Spaces:
Running
title: SemanticSearchPOC
emoji: π
colorFrom: red
colorTo: indigo
sdk: docker
app_port: 8501
pinned: true
startup_duration_timeout: 3 hours
#--- #title: SemanticSearchPOC #emoji: π #colorFrom: purple #colorTo: red #sdk: docker #app_port: 8501 #pinned: false # #---
Retrieval Augmented Generation with Large Language Models
This project serves as a Proof-of-Concept for implementing Retrieval Augmented Generation (RAG) when prompting Large Language Models (LLMs). It is a learning exercise aimed at enabling future LLM-based applications by leveraging the power of RAG techniques.
Components
The project incorporates the following key components:
- llama.cpp: An optimized implementation of the LLaMa language model in C++.

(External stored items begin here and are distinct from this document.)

(* Let $X$ be a Banach space containing no (isomorphic) copy of $c_0$, and let $\sum x_n$ be a series in $X$ which is not unconditionally convergent. Then the sets $E=\left\{s \in S : \left(\sum_{i=1}^n x_{s(i)}\right)_n \text{ is bounded}\right\}$ and $F=\left\{p \in P : \left(\sum_{i=1}^n x_{p(i)}\right)_n \text{ is bounded}\right\}$ are meager in $S$ and $P$, respectively.
   Context: $S=\{s\in\mathbb{N}^{\mathbb{N}} : s \text{ strictly increasing}\}$ and $P=\{p\in\mathbb{N}^{\mathbb{N}} : p \text{ a bijection of }\mathbb{N}\}$, with the subspace topology of $\mathbb{N}^{\mathbb{N}}$ (product of discrete spaces). *)

theory Defs
  imports "HOL-Analysis.Analysis"
begin

definition baire_top :: "(nat \<Rightarrow> nat) topology" where
  "baire_top = product_topology (\<lambda>_. discrete_topology (UNIV :: nat set)) UNIV"

definition S_incr :: "(nat \<Rightarrow> nat) set" where
  "S_incr = {s. strict_mono s}"

definition P_perm :: "(nat \<Rightarrow> nat) set" where
  "P_perm = {p. bij p}"

definition nowhere_dense_in :: "'a topology \<Rightarrow> 'a set \<Rightarrow> bool" where
  "nowhere_dense_in T N \<longleftrightarrow> N \<subseteq> topspace T \<and> T interior_of (T closure_of N) = {}"

definition meager_in :: "'a topology \<Rightarrow> 'a set \<Rightarrow> bool" where
  "meager_in T A \<longleftrightarrow> (\<exists>\<F>. countable \<F> \<and> (\<forall>N\<in>\<F>. nowhere_dense_in T N) \<and> A \<subseteq> \<Union>\<F>)"

definition c0 :: "(nat \<Rightarrow> real) set" where
  "c0 = {f. f \<longlonglongrightarrow> 0}"

definition sup_norm :: "(nat \<Rightarrow> real) \<Rightarrow> real" where
  "sup_norm f = (SUP n. \<bar>f n\<bar>)"

definition contains_c0 :: "'a::real_normed_vector itself \<Rightarrow> bool" where
  "contains_c0 _ \<longleftrightarrow> (\<exists>(T :: (nat \<Rightarrow> real) \<Rightarrow> 'a) a b. a > 0 \<and> b > 0 \<and>
      (\<forall>f\<in>c0. \<forall>g\<in>c0. T (\<lambda>n. f n + g n) = T f + T g) \<and>
      (\<forall>f\<in>c0. \<forall>c. T (\<lambda>n. c * f n) = c *\<^sub>R T f) \<and>
      (\<forall>f\<in>c0. a * sup_norm f \<le> norm (T f) \<and> norm (T f) \<le> b * sup_norm f))"

definition uncond_convergent :: "(nat \<Rightarrow> 'a::real_normed_vector) \<Rightarrow> bool" where
  "uncond_convergent x \<longleftrightarrow> (\<forall>p. bij p \<longrightarrow> summable (\<lambda>n. x (p n)))"

end

theory Submission
  imports Defs
begin
lemma sets_round_distr [measurable_cong]:
  "sets (round_distr F G) = sets (borel \<Otimes>\<^sub>M (borel \<Otimes>\<^sub>M borel))"
  unfolding round_distr_def by (intro sets_pair_measure_cong sets_F sets_G sets_unif01)

lemma space_round_distr [simp]: "space (round_distr F G) = UNIV"
  using sets_eq_imp_space_eq[OF sets_round_distr] by (simp add: space_pair_measure)

lemma prob_space_PiM_round_distr: "prob_space (PiM J (\<lambda>_. round_distr F G))"
  by (intro prob_space_PiM prob_space_round_distr)

lemma product_sigma_finite_round_distr: "product_sigma_finite (\<lambda>_. round_distr F G)"
  unfolding product_sigma_finite_def
  using prob_space_round_distr prob_space_imp_sigma_finite by blast

lemma measurable_round:
  "t < T \<Longrightarrow> (\<lambda>x. x t) \<in> measurable (rounds T) (borel \<Otimes>\<^sub>M (borel \<Otimes>\<^sub>M borel))"
  using measurable_component_singleton[of t "{..<T}" "\<lambda>_. round_distr F G"]
  by (simp add: measurable_cong_sets[OF refl sets_round_distr])

lemma measurable_decision_admissible:
  assumes "admissible I vbar \<rho> F G T \<beta>" and "t < T"
  shows "Measurable.pred (rounds T) (\<lambda>x. decision I \<beta> x t)"
  using assms by (intro measurable_decision_of_revenue sets_round_distr)
    (simp_all add: admissible_def sample_space_eq_PiM)
lemma transpose_block_diag: "transpose_mat (block_diag c M) = block_diag c (transpose_mat M)"
  by (rule eq_matI) (auto simp: index_block_diag)

lemma block_diag_one: "block_diag 1 (1\<^sub>m m) = (1\<^sub>m (Suc m) :: 'a :: zero_neq_one mat)"
  by (rule eq_matI) (auto simp: index_block_diag)

lemma diagonal_block_diag: "diagonal_mat M \<Longrightarrow> diagonal_mat (block_diag c M)"
  unfolding diagonal_mat_def by (auto simp: index_block_diag)

lemma symmetric_mat_eq_block_diag:
  fixes B :: "'a :: comm_ring_1 mat"
  assumes B: "B \<in> carrier_mat (Suc m) (Suc m)" and sym: "transpose_mat B = B"
    and col0: "col B 0 = l \<cdot>\<^sub>v unit_vec (Suc m) 0"
  shows "B = block_diag l (mat m m (\<lambda>(i, j). B $$ (Suc i, Suc j)))"
proof -
  have B_sym: "B $$ (i, j) = B $$ (j, i)" if "i < Suc m" "j < Suc m" for i j
    using that B by (metis carrier_matD index_transpose_mat(1) sym)
  have B0: "B $$ (i, 0) = (if i = 0 then l else 0)" if "i < Suc m" for i
    using arg_cong[OF col0, of "\<lambda>u. u $ i"] that B by simp
  show ?thesis
  proof (rule eq_matI)
    fix i j assume "i < dim_row (block_diag l (mat m m (\<lambda>(i, j). B $$ (Suc i, Suc j))))"
      and "j < dim_col (block_diag l (mat m m (\<lambda>(i, j). B $$ (Suc i, Suc j))))"
    then have i: "i < Suc m" and j: "j < Suc m" by auto
    then show "B $$ (i, j) = block_diag l (mat m m (\<lambda>(i, j). B $$ (Suc i, Suc j))) $$ (i, j)"
      using B0 B_sym[of 0 j] by (cases i; cases j) (auto simp: index_block_diag)
  qed (use B in auto)
qed
text \<open>For a palindrome, the walk is on the letters extending \<open>w\<close>, and its edges are the unordered
  bilateral extensions \<open>{a, b}\<close> with \<open>a \<noteq> b\<close>; the pairs \<open>(a, a)\<close> are the loops.\<close>
lemma bilateral_mult_palindrome:
  assumes "finite A" and "\<forall>i. u i \<in> A" and cr: "closed_under_reversal u"
    and rich: "rich_occurrences_beyond u n0" and "bispecial u w" and "n0 < length w"
    and pal: "rev w = w"
  shows "bilateral_mult u w = int (card (ext_eq u w)) - 1"
proof -
  note vertices = palindrome_walk_vertices[OF cr pal]
  have "ext_left u w \<noteq> {}" using \<open>bispecial u w\<close> by (auto simp: bispecial_def)
  hence "mirror_occs u w \<noteq> {}" using vertices by auto
  moreover have "finite ((\<lambda>i. u (i - 1)) ` mirror_occs u w \<union> (\<lambda>i. u (i + length w)) ` mirror_occs u w)"
    unfolding vertices by (rule finite_ext_left[OF assms(1,2)])
  ultimately interpret tree_walk "mirror_occs u w" "\<lambda>i. u (i - 1)" "\<lambda>i. u (i + length w)"
    by (rule tree_walk_palindrome[OF rich \<open>n0 < length w\<close> pal])
  have "edges = {{a, b} | a b. (a, b) \<in> ext_both u w \<and> a \<noteq> b}"
    unfolding walk_edges_def using pal by (auto simp: ext_both_eq mem_mirror_occs_iff)
  moreover have "(b, a) \<in> ext_both u w" if "(a, b) \<in> ext_both u w" for a b
    using that ext_both_rev[OF cr, where w = w] pal by simp
  hence "card (ext_both u w) =
      card (ext_eq u w) + 2 * card {{a, b} | a b. (a, b) \<in> ext_both u w \<and> a \<noteq> b}"
    using card_sym_rel[OF finite_ext_both[OF assms(1,2)]] by (simp add: ext_eq_def ext_both_def)
  moreover have "ext_right u w = ext_left u w" using ext_right_rev[OF cr, of w] pal by simp
  ultimately show ?thesis
    using card_edges vertices unfolding walk_vertices_def by (simp add: bilateral_mult_def)
qed

text \<open>For a non-palindrome, a letter extending \<open>w\<close> on the left is tagged \<open>True\<close> and one extending it
  on the right \<open>False\<close>; an occurrence of \<open>rev w\<close> contributes its extensions reflected.\<close>
definition tagged_left_ext :: "(nat \<Rightarrow> 'a) \<Rightarrow> 'a list \<Rightarrow> nat \<Rightarrow> bool \<times> 'a" where
  "tagged_left_ext u w i = (seg u i (length w) = w, u (i - 1))"

definition tagged_right_ext :: "(nat \<Rightarrow> 'a) \<Rightarrow> 'a list \<Rightarrow> nat \<Rightarrow> bool \<times> 'a" where
  "tagged_right_ext u w i = (seg u i (length w) \<noteq> w, u (i + length w))"

lemma tagged_walk_vertices:
  assumes cr: "closed_under_reversal u" and nonpal: "rev w \<noteq> w"
  shows "tagged_left_ext u w ` mirror_occs u w \<union> tagged_right_ext u w ` mirror_occs u w =
    {True} \<times> ext_left u w \<union> {False} \<times> ext_right u w"
proof
  have left: "u (i - 1) \<in> ext_left u x" and right: "u (i + length w) \<in> ext_right u x"
    if "1 \<le> i" "seg u i (length w) = x" for i x
    using that by (auto simp: ext_left_eq ext_right_eq)
  show "tagged_left_ext u w ` mirror_occs u w \<union> tagged_right_ext u w ` mirror_occs u w \<subseteq>
      {True} \<times> ext_left u w \<union> {False} \<times> ext_right u w"
    using nonpal left[of _ w] right[of _ w] left[of _ "rev w"] right[of _ "rev w"]
    unfolding ext_left_rev[OF cr] ext_right_rev[OF cr]
    by (auto simp: mem_mirror_occs_iff tagged_left_ext_def tagged_right_ext_def)
  have "(True, a) \<in> tagged_left_ext u w ` mirror_occs u w" if "a \<in> ext_left u w" for a
    using that by (auto simp: mem_mirror_occs_iff tagged_left_ext_def ext_left_eq image_iff)
  moreover have "(False, b) \<in> tagged_left_ext u w ` mirror_occs u w" if "b \<in> ext_right u w" for b
  proof -
    have "b \<in> ext_left u (rev w)" using that ext_left_rev[OF cr] by simp
    then obtain i where "1 \<le> i" "seg u i (length w) = rev w" "u (i - 1) = b"
      by (auto simp: ext_left_eq)
    hence "i \<in> mirror_occs u w" "tagged_left_ext u w i = (False, b)"
      using nonpal by (auto simp: mem_mirror_occs_iff tagged_left_ext_def)
    thus ?thesis by force
  qed
  ultimately show "{True} \<times> ext_left u w \<union> {False} \<times> ext_right u w \<subseteq>
      tagged_left_ext u w ` mirror_occs u w \<union> tagged_right_ext u w ` mirror_occs u w"
    by blast
qed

- Weaviate Vector Database: A vector database for efficient storage and retrieval of embeddings.
- text2vec-transformers: A library for converting text to vector representations using transformer models.
- Streamlit: A framework for building interactive web applications with Python.
Screenshot
Note: The screenshot will be included later.
Application Notes
As part of the initialization process, the application executes a Bash script asynchronously. The script follows these steps:
- It starts the text2vec-transformers Weaviate module first.
- Then, it starts the Weaviate database server itself.
- Both programs run as subprocesses to the script.
- Finally, the script waits to ensure that its subprocesses continue to execute so that app.py can use the database for RAG functions.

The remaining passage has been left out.